Part 1 amends the Arbitration Act. Part 2 amends the Disputes Tribunals Act. Many of the features of the bill are relatively small and are intended to clarify the legislation. The most significant change is the insertion of new sections 14 to 14I into the Arbitration Act by clause 6 of the bill, which will ensure total confidentiality in the proceedings with a very few, well-defined exceptions. Confidentiality is a really important aspect of arbitration and mediation, because it gives a chance for the parties to talk things through in a generally positive way that should lead to a resolution. If those matters were not kept confidential, then there would not be open dialogue and the outcome would not be as positive. I am pleased that that is one of the key features of the bill. Also, as a general rule, if court action takes place after arbitration, it is conducted publicly.
I am pleased to say that the changes the Justice and Electoral Committee recommended were all agreed to in the Committee stage, so at this third reading the bill has been reported without amendment. The first recommendation was that the current practice in relation to getting approval from the tribunal be maintained. That was not in the original bill, but after careful consideration we believed that the bill would be enhanced if we retained the requirement to get approval from the tribunal.
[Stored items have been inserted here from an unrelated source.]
lemma tendsto_ap_sum_ratio_lower:
  "(\<lambda>N. (ap_sum x (N+1-2*k) - real k * (x + real (N+1-2*k))) / (x + a + real N)^2) \<longlonglongrightarrow> 1/2"
proof (rule Lim_transform_eventually)
  define M where "M N = real N + 1 - 2 * real k" for N :: nat
  show "(\<lambda>N. (M N * x + M N * (M N - 1) / 2 - real k * (x + M N)) / (x + a + real N)^2) \<longlonglongrightarrow> 1/2"
    unfolding M_def by real_asymp
  show "\<forall>\<^sub>F N in sequentially. (M N * x + M N * (M N - 1) / 2 - real k * (x + M N)) / (x + a + real N)^2
      = (ap_sum x (N+1-2*k) - real k * (x + real (N+1-2*k))) / (x + a + real N)^2"
    using eventually_ge_at_top[of "2*k"] by eventually_elim (simp add: M_def ap_sum_eq algebra_simps)
qed

lemma factorial_moment_ge_ratio:
  assumes "0 \<le> x" "0 < a"
  shows "(max 0 ((ap_sum x (N+1-2*k) - real k * (x + real (N+1-2*k))) / (x + a + real N)^2))^k / fact k
    \<le> factorial_moment a k N x"
proof -
  let ?s = "ap_sum x (N+1-2*k) - real k * (x + real (N+1-2*k))"
  have c0: "0 < (x + a + real N)^2" using assms by simp
  then have "max 0 (?s / (x + a + real N)^2) = max 0 ?s / (x + a + real N)^2"
    by (auto simp: max_def zero_le_divide_iff)
  then have "(max 0 (?s / (x + a + real N)^2))^k / fact k = (max 0 ?s)^k / fact k / ((x + a + real N)^2)^k"
    by (simp add: power_divide)
  also have "\<dots> \<le> esym_ap k x (N+1-2*k) / ((x + a + real N)^2)^k"
    using assms c0 by (intro divide_right_mono esym_ap_ge) auto
  also have "\<dots> \<le> factorial_moment a k N x"
    using factorial_moment_ge[OF assms, of k N] by (simp add: power_mult)
  finally show ?thesis .
qed

lemma factorial_moment_le_ratio:
  assumes "0 \<le> x" "0 < a" "2 * k < N"
  shows "factorial_moment a k N x \<le> (ap_sum x (N-1) / (x + a + real N - 2 * real k)^2)^k / fact k"
proof -
  have B0: "0 < x + a + real N - 2 * real k" using assms by simp
  have "factorial_moment a k N x \<le> esym_ap k x (N-1) / (x + a + real N - 2 * real k)^(2*k)"
    using assms by (intro factorial_moment_le) auto
  also have "\<dots> \<le> (ap_sum x (N-1))^k / fact k / (x + a + real N - 2 * real k)^(2*k)"
    using assms B0 by (intro divide_right_mono esym_ap_le) auto
  also have "\<dots> = (ap_sum x (N-1) / (x + a + real N - 2 * real k)^2)^k / fact k"
    by (simp add: power_divide power_mult)
  finally show ?thesis .
qed

lemma factorial_moment_tendsto:
  assumes "0 < x" "0 < a"
  shows "(\<lambda>N. factorial_moment a k N x) \<longlonglongrightarrow> (1/2)^k / fact k"
proof (rule tendsto_sandwich)
  let ?r = "\<lambda>N. (ap_sum x (N+1-2*k) - real k * (x + real (N+1-2*k))) / (x + a + real N)^2"
  have "(\<lambda>N. max 0 (?r N)) \<longlonglongrightarrow> max 0 (1/2)"
    by (intro tendsto_max tendsto_const tendsto_ap_sum_ratio_lower)
  then have "(\<lambda>N. max 0 (?r N)) \<longlonglongrightarrow> 1/2" by simp
  then show "(\<lambda>N. (max 0 (?r N))^k / fact k) \<longlonglongrightarrow> (1/2)^k / fact k"
    by (intro tendsto_divide tendsto_power tendsto_const) simp_all
  show "(\<lambda>N. (ap_sum x (N-1) / (x + a + real N - 2 * real k)^2)^k / fact k) \<longlonglongrightarrow> (1/2)^k / fact k"
    by (intro tendsto_divide tendsto_power tendsto_ap_sum_ratio_upper tendsto_const) simp
  show "\<forall>\<^sub>F N in sequentially. (max 0 (?r N))^k / fact k \<le> factorial_moment a k N x"
    using assms by (intro always_eventually allI factorial_moment_ge_ratio) auto
  show "\<forall>\<^sub>F N in sequentially. factorial_moment a k N x
      \<le> (ap_sum x (N-1) / (x + a + real N - 2 * real k)^2)^k / fact k"
    using eventually_gt_at_top[of "2*k"]
    by eventually_elim (rule factorial_moment_le_ratio, use assms in auto)
qed
lemma has_field_derivative_infsum:
  fixes f f' :: "'a \<Rightarrow> complex \<Rightarrow> complex"
  assumes "M summable_on A" "r > 0"
    and bound: "\<And>x t. x \<in> A \<Longrightarrow> t \<in> cball z r \<Longrightarrow> norm (f x t) \<le> M x"
    and cont: "\<And>x. x \<in> A \<Longrightarrow> continuous_on (cball z r) (f x)"
    and deriv: "\<And>x t. x \<in> A \<Longrightarrow> t \<in> ball z r \<Longrightarrow> (f x has_field_derivative f' x t) (at t)"
    and t: "t \<in> ball z r"
  shows "(\<lambda>x. f' x t) summable_on A"
    and "((\<lambda>s. \<Sum>\<^sub>\<infinity>x\<in>A. f x s) has_field_derivative (\<Sum>\<^sub>\<infinity>x\<in>A. f' x t)) (at t)"
proof -
  have ulim: "uniform_limit (cball z r) (\<lambda>X s. \<Sum>x\<in>X. f x s) (\<lambda>s. \<Sum>\<^sub>\<infinity>x\<in>A. f x s)
      (finite_subsets_at_top A)"
    using bound \<open>M summable_on A\<close> by (rule Weierstrass_m_test_general)
  have partial_sums: "\<forall>\<^sub>F X in finite_subsets_at_top A. continuous_on (cball z r) (\<lambda>s. \<Sum>x\<in>X. f x s)
      \<and> (\<forall>t\<in>ball z r. ((\<lambda>s. \<Sum>x\<in>X. f x s) has_field_derivative (\<Sum>x\<in>X. f' x t)) (at t))"
    using cont deriv
    by (intro eventually_finite_subsets_at_top_weakI) (auto intro!: continuous_on_sum DERIV_sum)
  obtain g' where g': "\<And>t. t \<in> ball z r \<Longrightarrow>
      ((\<lambda>s. \<Sum>\<^sub>\<infinity>x\<in>A. f x s) has_field_derivative g' t) (at t)
      \<and> ((\<lambda>X. \<Sum>x\<in>X. f' x t) \<longlongrightarrow> g' t) (finite_subsets_at_top A)"
    by (rule has_complex_derivative_uniform_limit[OF partial_sums ulim
          finite_subsets_at_top_neq_bot \<open>r > 0\<close>]) blast
  then have "((\<lambda>x. f' x t) has_sum g' t) A"
    using t by (simp add: has_sum_def)
  with g'[OF t] show "(\<lambda>x. f' x t) summable_on A"
    and "((\<lambda>s. \<Sum>\<^sub>\<infinity>x\<in>A. f x s) has_field_derivative (\<Sum>\<^sub>\<infinity>x\<in>A. f' x t)) (at t)"
    by (auto simp: has_sum_iff)
qed

lemma prod_fun_upd_remove:
  assumes "finite A" "j \<in> A"
  shows "(\<Prod>i\<in>A. g i ((m(j := e)) i)) = g j e * (\<Prod>i\<in>A - {j}. g i (m i))"
proof -
  have "(\<Prod>i\<in>A. g i ((m(j := e)) i)) = g j e * (\<Prod>i\<in>A - {j}. g i ((m(j := e)) i))"
    using prod.remove[OF assms, of "\<lambda>i. g i ((m(j := e)) i)"] by simp
  also have "(\<Prod>i\<in>A - {j}. g i ((m(j := e)) i)) = (\<Prod>i\<in>A - {j}. g i (m i))"
    by (rule prod.cong) auto
  finally show ?thesis .
qed

lemma sum_fun_upd_remove:
  assumes "finite A" "j \<in> A"
  shows "(\<Sum>i\<in>A. (m(j := e)) i) = e + (\<Sum>i\<in>A - {j}. m i)"
proof -
  have "(\<Sum>i\<in>A. (m(j := e)) i) = e + (\<Sum>i\<in>A - {j}. (m(j := e)) i)"
    using sum.remove[OF assms, of "m(j := e)"] by simp
  also have "(\<Sum>i\<in>A - {j}. (m(j := e)) i) = (\<Sum>i\<in>A - {j}. m i)"
    by (rule sum.cong) auto
  finally show ?thesis .
qed

lemma geometric_bound_of_eventual_ratio:
  fixes f :: "nat \<Rightarrow> real"
  assumes nonneg: "\<And>N. f N \<ge> 0" and "l > 0"
    and ratio: "\<And>N. N \<ge> N\<^sub>0 \<Longrightarrow> f (Suc N) \<le> l * f N"
  shows "\<exists>C\<ge>0. \<forall>N. f N \<le> C * l ^ N"
proof -
  define C where "C = (\<Sum>j\<le>N\<^sub>0. f j / l ^ j)"
  have initial: "f j \<le> C * l ^ j" if "j \<le> N\<^sub>0" for j
  proof -
    have "f j / l ^ j \<le> C"
      unfolding C_def using that nonneg \<open>l > 0\<close> by (intro member_le_sum) auto
    then show ?thesis using \<open>l > 0\<close> by (simp add: divide_le_eq)
  qed
  have tail: "f (N\<^sub>0 + d) \<le> C * l ^ (N\<^sub>0 + d)" for d
  proof (induction d)
    case (Suc d)
    have "f (N\<^sub>0 + Suc d) \<le> l * f (N\<^sub>0 + d)" using ratio[of "N\<^sub>0 + d"] by simp
    also have "\<dots> \<le> l * (C * l ^ (N\<^sub>0 + d))" using Suc \<open>l > 0\<close> by simp
    finally show ?case by (simp add: algebra_simps)
  qed (simp add: initial)
  have "f N \<le> C * l ^ N" for N
    using initial[of N] tail[of "N - N\<^sub>0"] by (cases "N \<le> N\<^sub>0") simp_all
  moreover have "C \<ge> 0" unfolding C_def using nonneg \<open>l > 0\<close> by (intro sum_nonneg) auto
  ultimately show ?thesis by blast
qed

lemma eventually_norm_add_of_nat_le:
  fixes a b :: complex
  assumes "l > 1"
  shows "\<exists>N\<^sub>0. \<forall>N\<ge>N\<^sub>0. norm (a + of_nat N) \<le> l * norm (b + of_nat N)"
proof -
  define N\<^sub>0 where "N\<^sub>0 = nat \<lceil>(norm a + l * norm b) / (l - 1)\<rceil>"
  have "norm (a + of_nat N) \<le> l * norm (b + of_nat N)" if "N \<ge> N\<^sub>0" for N
  proof -
    have "real N \<ge> (norm a + l * norm b) / (l - 1)"
      using that unfolding N\<^sub>0_def by linarith
    then have "norm a + l * norm b \<le> (l - 1) * real N"
      using assms by (simp add: field_simps)
    moreover have "norm (a + of_nat N) \<le> norm a + real N"
      using norm_triangle_ineq[of a "of_nat N"] by simp
    moreover have "l * (real N - norm b) \<le> l * norm (b + of_nat N)"
      using norm_triangle_ineq[of "b + of_nat N" "- b"] assms by (intro mult_left_mono) auto
    ultimately show ?thesis by (simp add: algebra_simps)
  qed
  then show ?thesis by blast
qed

lemma pochhammer_ratio_geometric_bound:
  fixes a b :: complex
  assumes "l > 1"
  shows "\<exists>C\<ge>0. \<forall>N. norm (pochhammer a N) / norm (pochhammer b N) \<le> C * l ^ N"
proof -
  obtain N\<^sub>0 where N\<^sub>0: "\<And>N. N \<ge> N\<^sub>0 \<Longrightarrow> norm (a + of_nat N) \<le> l * norm (b + of_nat N)"
    using eventually_norm_add_of_nat_le[OF assms] by blast
  show ?thesis
  proof (rule geometric_bound_of_eventual_ratio[where N\<^sub>0 = N\<^sub>0])
    fix N assume "N \<ge> N\<^sub>0"
    (* if b + N = 0 the quotient is 0, by the convention x / 0 = 0 *)
    then have "norm (a + of_nat N) / norm (b + of_nat N) \<le> l"
      using N\<^sub>0 assms by (cases "b + of_nat N = 0") (simp_all add: divide_le_eq)
    then have "norm (pochhammer a N) / norm (pochhammer b N) * (norm (a + of_nat N) / norm (b + of_nat N))
        \<le> norm (pochhammer a N) / norm (pochhammer b N) * l"
      by (intro mult_left_mono) auto
    then show "norm (pochhammer a (Suc N)) / norm (pochhammer b (Suc N))
        \<le> l * (norm (pochhammer a N) / norm (pochhammer b N))"
      by (simp add: pochhammer_Suc norm_mult mult.commute)
  qed (use assms in auto)
qed

lemma linear_geometric_bound:
  assumes "l > (1::real)"
  shows "\<exists>C\<ge>0. \<forall>N. real N + 1 \<le> C * l ^ N"
proof (rule geometric_bound_of_eventual_ratio[where N\<^sub>0 = "nat \<lceil>1 / (l - 1)\<rceil>"])
  fix N assume "N \<ge> nat \<lceil>1 / (l - 1)\<rceil>"
  then have "1 \<le> (l - 1) * real N" using assms by (simp add: field_simps)
  then show "real (Suc N) + 1 \<le> l * (real N + 1)" using assms by (simp add: algebra_simps)
qed (use assms in auto)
The second recommendation was to recognise the changes to the model law on universal
commercial arbitration adopted by the United Nations Commission of International Trade Law. Those recent changes are included, so the Arbitration Amendment Bill before us is very much up to date internationally. There was another recommendation that clause 9(2) be deleted, because it would be contrary to the bill’s intent to reduce judicial involvement in the arbitration process.
As I said before, it is excellent that those amendments were agreed to and that there was no argy-bargy about them. The result is that in arbitration now, a binding decision can be reached. Although the parties can agree to structure, and go through the negotiation and discussion around reaching resolution—and that is a good thing—the decision in the end is binding on all parties. That really enhances the process. As I said before, it is a less adversarial approach, and although cost is not the only issue in a dispute, it is a key issue.
My view, which I am sure would be shared by a number of my colleagues, is that arbitration gives more access to justice, because the cost is not so great. With a focus on wanting to resolve the dispute, and with the parties accepting that it can be binding—
Christopher Finlayson: Absolute drivel.
LYNNE PILLAY: I see that Mr Finlayson does not agree, but we do from time to time not agree. I have to say that from time to time we do not agree, and that perhaps I have more of a grassroots experience. He tends to focus more on the experience of his background within the law profession and perhaps has just a little less life experience, should I say, of dealing with people. Certainly it would be fair to say that his experience would not be of the same mediation and communication skills that many at the grassroots level enjoy.
I really cannot think of much more to add except to thank the committee again and to also say that it is good to see this legislation go through and make the progress that it has made in this House. We know soon that it will be in place and offering an enhanced process for arbitration, which has become a much more popular process with the people who use it. I think that is very good for relationships, especially contractual relationships, and for ongoing relationships in the future. It is with great pleasure that I commend this bill to the House.